Defining Your Brand
Welcome to Lesson 3 of the 5 Lesson Business Makeover Challenge – Defining Your Brand . Yesterday was all about defining and stating the mission of your business. Today we’ll clarify what is meant by brand and how to define yours.
Do you know what your brand is? Most entrepreneurs don’t.
Since you can’t be all things to all customers, getting clarity on your brand will help you to target your customers. Figuring out your specific niche is crucial.
Entrepreneur.com contributor John Williams explains branding concisely:
Branding is one of the most important aspects of any business, large or small, retail or B2B. An effective brand strategy gives you a major edge in increasingly competitive markets. But what exactly does “branding” mean?
Simply put, your brand is your promise to your customer… what they can expect from your products and services, and it differentiates your offering from your competitors’. Your brand is derived from who you are, who you want to be and who people perceive you to be.
In other words, your brand is not primarily about a logo (although that is important) or website colors. Your brand is what sets you apart from your competitors.
It’s what makes you unique. It’s your competitive advantage, your secret sauce.
Strong branding allows you to charge more because customers will have a desire to choose you over other businesses. So, in addition to your mission, you must get clear on your brand.
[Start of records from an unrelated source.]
text \<open>xs i is the i-th mode (on [i-1,i]) of the hybrid trajectory from x0 under control w
  and observations y; the ODEs are understood in integral (Caratheodory) form.\<close>
definition hybrid_traj ::
  "nat \<Rightarrow> ('x::real_normed_vector \<Rightarrow> 'u \<Rightarrow> 'x) \<Rightarrow> ('x \<Rightarrow> 'y \<Rightarrow> 'x) \<Rightarrow> 'x \<Rightarrow> (nat \<Rightarrow> 'y)
    \<Rightarrow> (real \<Rightarrow> 'u) \<Rightarrow> (nat \<Rightarrow> real \<Rightarrow> 'x) \<Rightarrow> bool" where
  "hybrid_traj T f g x0 y w xs \<longleftrightarrow>
     (\<forall>i\<in>{1..T}. \<forall>t\<in>{real i - 1..real i}.
        ((\<lambda>s. f (xs i s) (w s)) has_integral
           (xs i t - (if i = 1 then x0 else g (xs (i - 1) (real i - 1)) (y (i - 1)))))
        {real i - 1..t})"

text \<open>The variational pieces Psi_i^eps for the control w = u^eps along the trajectory xs.
  fx x u is the partial derivative of f in x, gx x y that of g in x.\<close>
definition psi_sys ::
  "nat \<Rightarrow> ('x::real_normed_vector \<Rightarrow> 'u \<Rightarrow> 'x) \<Rightarrow> ('x \<Rightarrow> 'u \<Rightarrow> 'x \<Rightarrow>\<^sub>L 'x) \<Rightarrow> ('x \<Rightarrow> 'y \<Rightarrow> 'x \<Rightarrow>\<^sub>L 'x)
    \<Rightarrow> (nat \<Rightarrow> 'y) \<Rightarrow> 'u \<Rightarrow> real \<Rightarrow> real \<Rightarrow> (real \<Rightarrow> 'u) \<Rightarrow> (nat \<Rightarrow> real \<Rightarrow> 'x)
    \<Rightarrow> (nat \<Rightarrow> real \<Rightarrow> 'x) \<Rightarrow> bool" where
  "psi_sys T f fx gx y v \<tau> \<epsilon> w xs Ps \<longleftrightarrow>
     (\<forall>t\<in>{\<tau> - \<epsilon>..1}.
        ((\<lambda>s. fx (xs 1 s) (w s) (Ps 1 s)) has_integral
           (Ps 1 t - (f (xs 1 (\<tau> - \<epsilon>)) v - f (xs 1 (\<tau> - \<epsilon>)) (w (\<tau> - \<epsilon>)))))
        {\<tau> - \<epsilon>..t}) \<and>
     (\<forall>i\<in>{2..T}. \<forall>t\<in>{real i - 1..real i}.
        ((\<lambda>s. fx (xs i s) (w s) (Ps i s)) has_integral
           (Ps i t - gx (xs (i - 1) (real i - 1)) (y (i - 1)) (Ps (i - 1) (real i - 1))))
        {real i - 1..t})"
Answer these questions in detail. Where possible, put the same questions to an outside party, such as devoted customers. Their feedback helps you to see what customers value most.
- What exactly makes you different from other companies in your industry?
- Why should someone choose your product over a competitor?
- Why would someone choose your service over another company?
Sum up your brand in a single sentence. What is your niche?
Does your brand fit with your mission? Go back and look. They should be in line with each other. Your mission statement is really for guiding your internal organization, but branding focuses on what customers want or need.
That’s it for today.
In our next lesson we’ll look at the culture of your business – whether it’s a healthy outgrowth of your mission and whether it supports your brand.
Avoid rushing through these questions.
The answers you provide will help you begin to think clearly about what really matters to you in your business and whether you’re headed in the right direction.